Microsoft’s Jason Zander has published an account of what went wrong yesterday, causing failure of many Azure services for a number of hours. The incident is described as running from 0.51 AM to 11.45 AM on November 19th though the actual length of the outage varied; an Azure application which I developed was offline for 3.5 hours.
Customers are not happy. From the comments:
So much for traffic manager for our VM’s running SQL server in a high availability SQL cluster $6k per month if every data center goes down. We were off for 3 hrs during the worst time of day for us; invoicing and loading for 10,000 deliveries. CEO is wanting to pull us out of the cloud.
So what went wrong? It was a bug in an update to the Storage Service, which impacts other services such as VMs and web sites since they have a dependency on the Storage Service. The update was already in production but only for Azure Tables; this seems to have given the team the confidence to deploy the update generally but a bug in the Blob service caused it to loop and stop responding.
Here is the most troubling line in Zander’s report:
Unfortunately the issue was wide spread, since the update was made across most regions in a short period of time due to operational error, instead of following the standard protocol of applying production changes in incremental batches.
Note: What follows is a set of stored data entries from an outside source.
(* Let $\mathcal{S}\subseteq\mathcal{L}$ and let $\mathcal{AF}_{\vdash}=(\vdash,\overline{\cdot},\mathsf{id})$ be contrapositable with $\vdash$ satisfying Cut. Then the stable extensions of $\mathcal{AF}_{\mathsf{con}}(\mathcal{S})$ coincide with its preferred extensions.
   Context: $\mathcal{L}$ is a set of formulas; ${\vdash}\subseteq\wp_{\sf fin}(\mathcal{L})\times\mathcal{L}$ is arbitrary and $\overline{\cdot}:\mathcal{L}\to\wp(\mathcal{L})$. $\mathit{Arg}_{\vdash'}(\mathcal{S})=\{(\Gamma,\gamma):\Gamma\subseteq\mathcal{S}\text{ finite},\Gamma\vdash'\gamma\}$; in $\mathcal{AF}_{\vdash'}(\mathcal{S})$, $(\Gamma,\gamma)$ attacks $(\Gamma',\gamma')$ iff $\gamma\in\overline{\lambda}$ for some $\lambda\in\Gamma'$. Complete = conflict-free, defends every member (every attacker of a member is attacked by a member), contains every argument it defends; preferred = $\subseteq$-maximal complete; stable = admissible (conflict-free and defends its members) and attacks every argument not in it. $\vdash^{+\phi}$ is the transitive closure of ${\vdash}\cup\{(\emptyset,\phi)\}$; Cut: for every $\phi$ and finite $\Gamma,\Delta$, if $\Gamma\vdash\phi$ and $\Delta\vdash^{+\phi}\gamma$ then $\Gamma\cup\Delta\vdash\gamma$. Contrapositable: for all finite $\Theta$, if $\Theta\vdash\gamma'$ with $\gamma'\in\overline{\gamma}$, then for every $\sigma\in\Theta$, $(\Theta\cup\{\gamma\})\setminus\{\sigma\}\vdash\sigma'$ for some $\sigma'\in\overline{\sigma}$. $\Theta\subseteq\mathcal{S}$ is $\mathcal{AF}_{\vdash}(\mathcal{S})$-inconsistent iff there are $\Theta'\subseteq\Theta$ and $\gamma\in\Theta'$ with $\Theta'\setminus\{\gamma\}\vdash\gamma'$ for some $\gamma'\in\overline{\gamma}$, consistent otherwise. $\vdash_{\mathsf{con}}=\{(\Gamma,\gamma):\Gamma\vdash\gamma,\ \Gamma\text{ consistent}\}$ and $\mathcal{AF}_{\mathsf{con}}(\mathcal{S})=\mathcal{AF}_{\vdash_{\mathsf{con}}}(\mathcal{S})$. *)

theory Defs
  imports Main
begin

(* A derivability relation  |- \<subseteq> \<wp>_fin(L) \<times> L  is modelled as a predicate
   vd :: 'f set \<Rightarrow> 'f \<Rightarrow> bool, only ever consulted on finite premise sets. *)

type_synonym 'f drel = "'f set \<Rightarrow> 'f \<Rightarrow> bool"
type_synonym 'f arg = "'f set \<times> 'f"

definition Arg :: "'f drel \<Rightarrow> 'f set \<Rightarrow> 'f arg set" where
  "Arg vd S = {(\<Gamma>, \<gamma>). finite \<Gamma> \<and> \<Gamma> \<subseteq> S \<and> vd \<Gamma> \<gamma>}"

definition attacks :: "('f \<Rightarrow> 'f set) \<Rightarrow> 'f arg \<Rightarrow> 'f arg \<Rightarrow> bool" where
  "attacks contr a b \<longleftrightarrow> (\<exists>l\<in>fst b. snd a \<in> contr l)"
In other words, this was not just a programming error, it was an operational error that meant the usual safeguards whereby a service in one datacenter takes over when another fails did not work.
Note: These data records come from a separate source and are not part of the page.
(* Let $(X,\rho)$ be a metric space, $f:X\to X$ continuous, $x\in X$, $\ell\in\mathbb N$, $n\ge2$ an integer and $\varepsilon>0$. Define $\Delta_\ell$ by \[ C_\ell(x,n,\varepsilon)=\frac1{n^2}\Big[\sum_{l\ge\ell}(l-\ell+1)N_l(x,n,\varepsilon)+n+\Delta_\ell\Big]. \] Then $0\le\Delta_\ell\le2(\ell-1)(n-1)$.
   Context: Bowen metric: $\rho_\ell(y,z)=\max_{0\le i<\ell}\rho(f^iy,f^iz)$. Correlation sum: $C_\ell(x,n,\varepsilon)=n^{-2}\#\{(i,j):0\le i,j<n,\ \rho_\ell(f^ix,f^jx)\le\varepsilon\}$. Recurrence plot $R(x,n,\varepsilon)$: the $n\times n$ matrix indexed by $0\le i,j<n$ with entry $1$ if $\rho(f^ix,f^jx)\le\varepsilon$ and $0$ otherwise. A line of length $\ell$ in it is a triple $(i,j,\ell)$ of integers with $0\le i,j\le n-\ell$, $i\ne j$, entries $(i+k,j+k)$ equal to $1$ for all $0\le k<\ell$, entry $(i-1,j-1)$ equal to $0$ if $\min\{i,j\}>0$, and entry $(i+\ell,j+\ell)$ equal to $0$ if $\max\{i,j\}<n-\ell$. $N_l(x,n,\varepsilon)$ is the number of lines of length exactly $l$ (including lines with $\min\{i,j\}=0$ or $\max\{i,j\}=n-l$). *)

theory Defs
  imports "HOL-Analysis.Analysis"
begin

text \<open>Bowen metric rho_l(y,z) = max over 0 <= i < l of dist (f^i y) (f^i z) (meant for l >= 1).\<close>
definition bowen_dist :: "('a::metric_space \<Rightarrow> 'a) \<Rightarrow> nat \<Rightarrow> 'a \<Rightarrow> 'a \<Rightarrow> real" where
  "bowen_dist f l y z = Max ((\<lambda>i. dist ((f ^^ i) y) ((f ^^ i) z)) ` {..<l})"

definition corr_sum :: "('a::metric_space \<Rightarrow> 'a) \<Rightarrow> nat \<Rightarrow> 'a \<Rightarrow> nat \<Rightarrow> real \<Rightarrow> real" where
  "corr_sum f l x n eps =
     real (card {(i, j). i < n \<and> j < n \<and> bowen_dist f l ((f ^^ i) x) ((f ^^ j) x) \<le> eps})
     / (real n)^2"

definition rp_entry :: "('a::metric_space \<Rightarrow> 'a) \<Rightarrow> 'a \<Rightarrow> real \<Rightarrow> nat \<Rightarrow> nat \<Rightarrow> bool" where
  "rp_entry f x eps i j \<longleftrightarrow> dist ((f ^^ i) x) ((f ^^ j) x) \<le> eps"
Then there is the issue of communication. This is critical since while customers understand that sometimes things go wrong, they feel happier if they know what is going on. It is partly human nature, and partly a matter of knowing what mitigating action you need to take.
In this case Azure’s Service Health Dashboard failed:
There was an Azure infrastructure issue that impacted our ability to provide timely updates via the Service Health Dashboard. As a mitigation, we leveraged Twitter and other social media forums.
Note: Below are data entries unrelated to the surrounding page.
lemma threshold_rule_optimal:
  "threshold_rule (opt_rate * D) \<in> classC M (filt M X) time_at"
  "rate M (Umax reward_at) time_at (threshold_rule (opt_rate * D)) = ennreal opt_rate"
proof -
  let ?N = "threshold_rule (opt_rate * D)"
  have expected: "expected_stop ?N < \<top>"
    by (rule expected_stop_threshold_rule_finite[OF emeasure_reward_ge_opt_threshold_pos])
  note finite = AE_threshold_rule_finite[OF expected]
  note time = nn_integral_stopped_time_at[OF stop_time_ge1_threshold_rule finite]
  have time_finite: "(\<integral>\<^sup>+\<omega>. stopped time_at ?N \<omega> \<partial>M) < \<top>"
    unfolding time using expected by (simp add: ennreal_mult_less_top)
  then show "?N \<in> classC M (filt M X) time_at"
    unfolding classC_def using stop_time_ge1_threshold_rule by simp
  have gain: "(\<integral>\<^sup>+\<omega>. stopped (Umax reward_at) ?N \<omega> \<partial>M)
      = ennreal opt_rate * (\<integral>\<^sup>+\<omega>. stopped time_at ?N \<omega> \<partial>M)"
    using nn_integral_stopped_Umax_threshold_rule[OF finite] opt_rate_pos
    unfolding time opt_rate_balance by simp
  then show "rate M (Umax reward_at) time_at ?N = ennreal opt_rate"
    using time_finite D_pos unfolding rate_def gain time by (intro mult_divide_eq_ennreal) auto
qed

lemma SUP_rate_eq_opt_rate:
  "(SUP N\<in>classC M (filt M X) time_at. rate M (Umax reward_at) time_at N) = ennreal opt_rate"
  using threshold_rule_optimal rate_le_opt_rate
  by (intro antisym SUP_least) (auto intro: SUP_upper2)

end

lemma (in prob_space) AE_uniform_grid:
  fixes Z :: "'a \<Rightarrow> real"
  assumes [measurable]: "Z \<in> borel_measurable M" and "0 < h" "0 < K"
    and uniform: "\<And>j. j < K \<Longrightarrow> prob {\<omega>\<in>space M. Z \<omega> = real j * h} = 1 / real K"
  shows "AE \<omega> in M. \<exists>j<K. Z \<omega> = real j * h"
proof -
  let ?A = "\<lambda>j. {\<omega>\<in>space M. Z \<omega> = real j * h}"
  have "prob (\<Union>j<K. ?A j) = (\<Sum>j<K. prob (?A j))"
    using \<open>0 < h\<close> by (intro finite_measure_finite_Union) (auto simp: disjoint_family_on_def)
  also have "\<dots> = 1" using uniform \<open>0 < K\<close> by simp
  finally have "AE \<omega> in M. \<omega> \<in> (\<Union>j<K. ?A j)" by (intro AE_prob_1)
  then show ?thesis by eventually_elim auto
qed

lemma (in prob_space) AE_eq_sum_uniform_grid:
  fixes Z :: "'a \<Rightarrow> real"
  assumes "Z \<in> borel_measurable M" and "0 < h" "0 < K"
    and "\<And>j. j < K \<Longrightarrow> prob {\<omega>\<in>space M. Z \<omega> = real j * h} = 1 / real K"
  shows "AE \<omega> in M. Z \<omega> = (\<Sum>j<K. real j * h * indicator {\<omega>\<in>space M. Z \<omega> = real j * h} \<omega>)"
proof -
  have "AE \<omega> in M. \<exists>j<K. Z \<omega> = real j * h"
    by (rule AE_uniform_grid) (use assms in auto)
  with AE_space show ?thesis
  proof eventually_elim
    case (elim \<omega>)
    then obtain i where i: "i < K" "Z \<omega> = real i * h" by auto
    have "(\<Sum>j<K. real j * h * indicator {\<omega>\<in>space M. Z \<omega> = real j * h} \<omega>)
        = (\<Sum>j<K. if j = i then real i * h else 0)"
      using i elim(1) \<open>0 < h\<close> by (intro sum.cong) (auto split: split_indicator)
    then show ?case using i by simp
  qed
qed

lemma (in prob_space)
  fixes Z :: "'a \<Rightarrow> real"
  assumes [measurable]: "Z \<in> borel_measurable M" and "0 < h" "0 < K"
    and uniform: "\<And>j. j < K \<Longrightarrow> prob {\<omega>\<in>space M. Z \<omega> = real j * h} = 1 / real K"
  shows integrable_uniform_grid: "integrable M Z"
    and integral_uniform_grid: "(\<integral>\<omega>. Z \<omega> \<partial>M) = (real K - 1) * h / 2"
proof -
  let ?A = "\<lambda>j. {\<omega>\<in>space M. Z \<omega> = real j * h}"
  note sum_eq = AE_eq_sum_uniform_grid[OF assms]
  have int_terms: "integrable M (\<lambda>\<omega>. real j * h * indicator (?A j) \<omega>)" for j
    by (intro integrable_mult_right integrable_real_indicator) (auto simp: less_top[symmetric])
  have "integrable M (\<lambda>\<omega>. \<Sum>j<K. real j * h * indicator (?A j) \<omega>)"
    using int_terms by (intro Bochner_Integration.integrable_sum)
  then show "integrable M Z"
    using integrable_cong_AE[OF _ _ sum_eq] by simp
  have "(\<integral>\<omega>. Z \<omega> \<partial>M) = (\<integral>\<omega>. (\<Sum>j<K. real j * h * indicator (?A j) \<omega>) \<partial>M)"
    by (rule integral_cong_AE[OF _ _ sum_eq]) measurable
  also have "\<dots> = (\<Sum>j<K. real j * h * prob (?A j))"
    using int_terms by (subst Bochner_Integration.integral_sum) auto
  also have "\<dots> = (\<Sum>j<K. real j) * h / real K"
    using uniform by (simp add: sum_distrib_right sum_divide_distrib)
  also have "(\<Sum>j<K. real j) = real K * (real K - 1) / 2"
    by (induction K) (auto simp: field_simps)
  finally show "(\<integral>\<omega>. Z \<omega> \<partial>M) = (real K - 1) * h / 2"
    using \<open>0 < K\<close> by simp
qed

lemma (in prob_space) integral_mult_ind_indep:
  fixes Z S :: "'a \<Rightarrow> real"
  assumes "indep_var borel Z borel S" "integrable M Z" and [measurable]: "S \<in> borel_measurable M"
  shows "(\<integral>\<omega>. Z \<omega> * ind (\<Gamma> \<le> S \<omega>) \<partial>M) = (\<integral>\<omega>. Z \<omega> \<partial>M) * prob {\<omega>\<in>space M. \<Gamma> \<le> S \<omega>}"
proof -
  have "indep_var borel (id \<circ> Z) borel ((\<lambda>s. ind (\<Gamma> \<le> s)) \<circ> S)"
    by (rule indep_var_compose[OF assms(1)]) (auto simp: ind_def)
  moreover have "integrable M (\<lambda>\<omega>. ind (\<Gamma> \<le> S \<omega>))"
    by (rule integrable_const_bound[where B=1]) (auto simp: ind_def)
  ultimately have "(\<integral>\<omega>. Z \<omega> * ind (\<Gamma> \<le> S \<omega>) \<partial>M) = (\<integral>\<omega>. Z \<omega> \<partial>M) * (\<integral>\<omega>. ind (\<Gamma> \<le> S \<omega>) \<partial>M)"
    using indep_var_lebesgue_integral assms(2) by (simp add: o_def)
  also have "(\<integral>\<omega>. ind (\<Gamma> \<le> S \<omega>) \<partial>M) = (\<integral>\<omega>. indicator {\<omega>\<in>space M. \<Gamma> \<le> S \<omega>} \<omega> \<partial>M)"
    by (intro Bochner_Integration.integral_cong) (auto simp: ind_def)
  also have "\<dots> = prob {\<omega>\<in>space M. \<Gamma> \<le> S \<omega>}"
    by simp
  finally show ?thesis .
qed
This is an issue I see often; online status dashboards are great for telling you all is well, but when something goes wrong they are the first thing to fall over, or else fail to report the problem. In consequence users all pick up the phone simultaneously and cannot get through. Twitter is no substitute; frankly if my business were paying thousands every month to Microsoft for Azure services I would find it laughable to be referred to Twitter in the event of a major service interruption.
Zander also says that customers were unable to create support cases. Hmm, it does seem to me that Microsoft should isolate its support services from its production services in some way so that both do not fail at once.
Still, of the above it is the operational error that is of most concern.
What are the wider implications? There are two takes on this. One is to say that since Azure is not reliable try another public cloud, probably Amazon Web Services. My sense is that the number and severity of AWS outages has reduced over the years. Inherently though, it is always possible that human error or a hardware failure can have a cascading effect; there is no guarantee that AWS will not have its own equally severe outage in future.
The other take is to give up on the cloud, or at least build in a plan B in the event of failure. Hybrid cloud has its merits in this respect.
My view in general though is that cloud reliability will get better and that its benefits exceed the risk – though when I heard last week, at Amazon Re:Invent, of large companies moving their entire datacenter infrastructure to AWS I did think to myself, “that’s brave”.
Finally, for the most critical services it does make sense to spread them across multiple public clouds (if you cannot fallback to on-premises). It should not be necessary, but it is.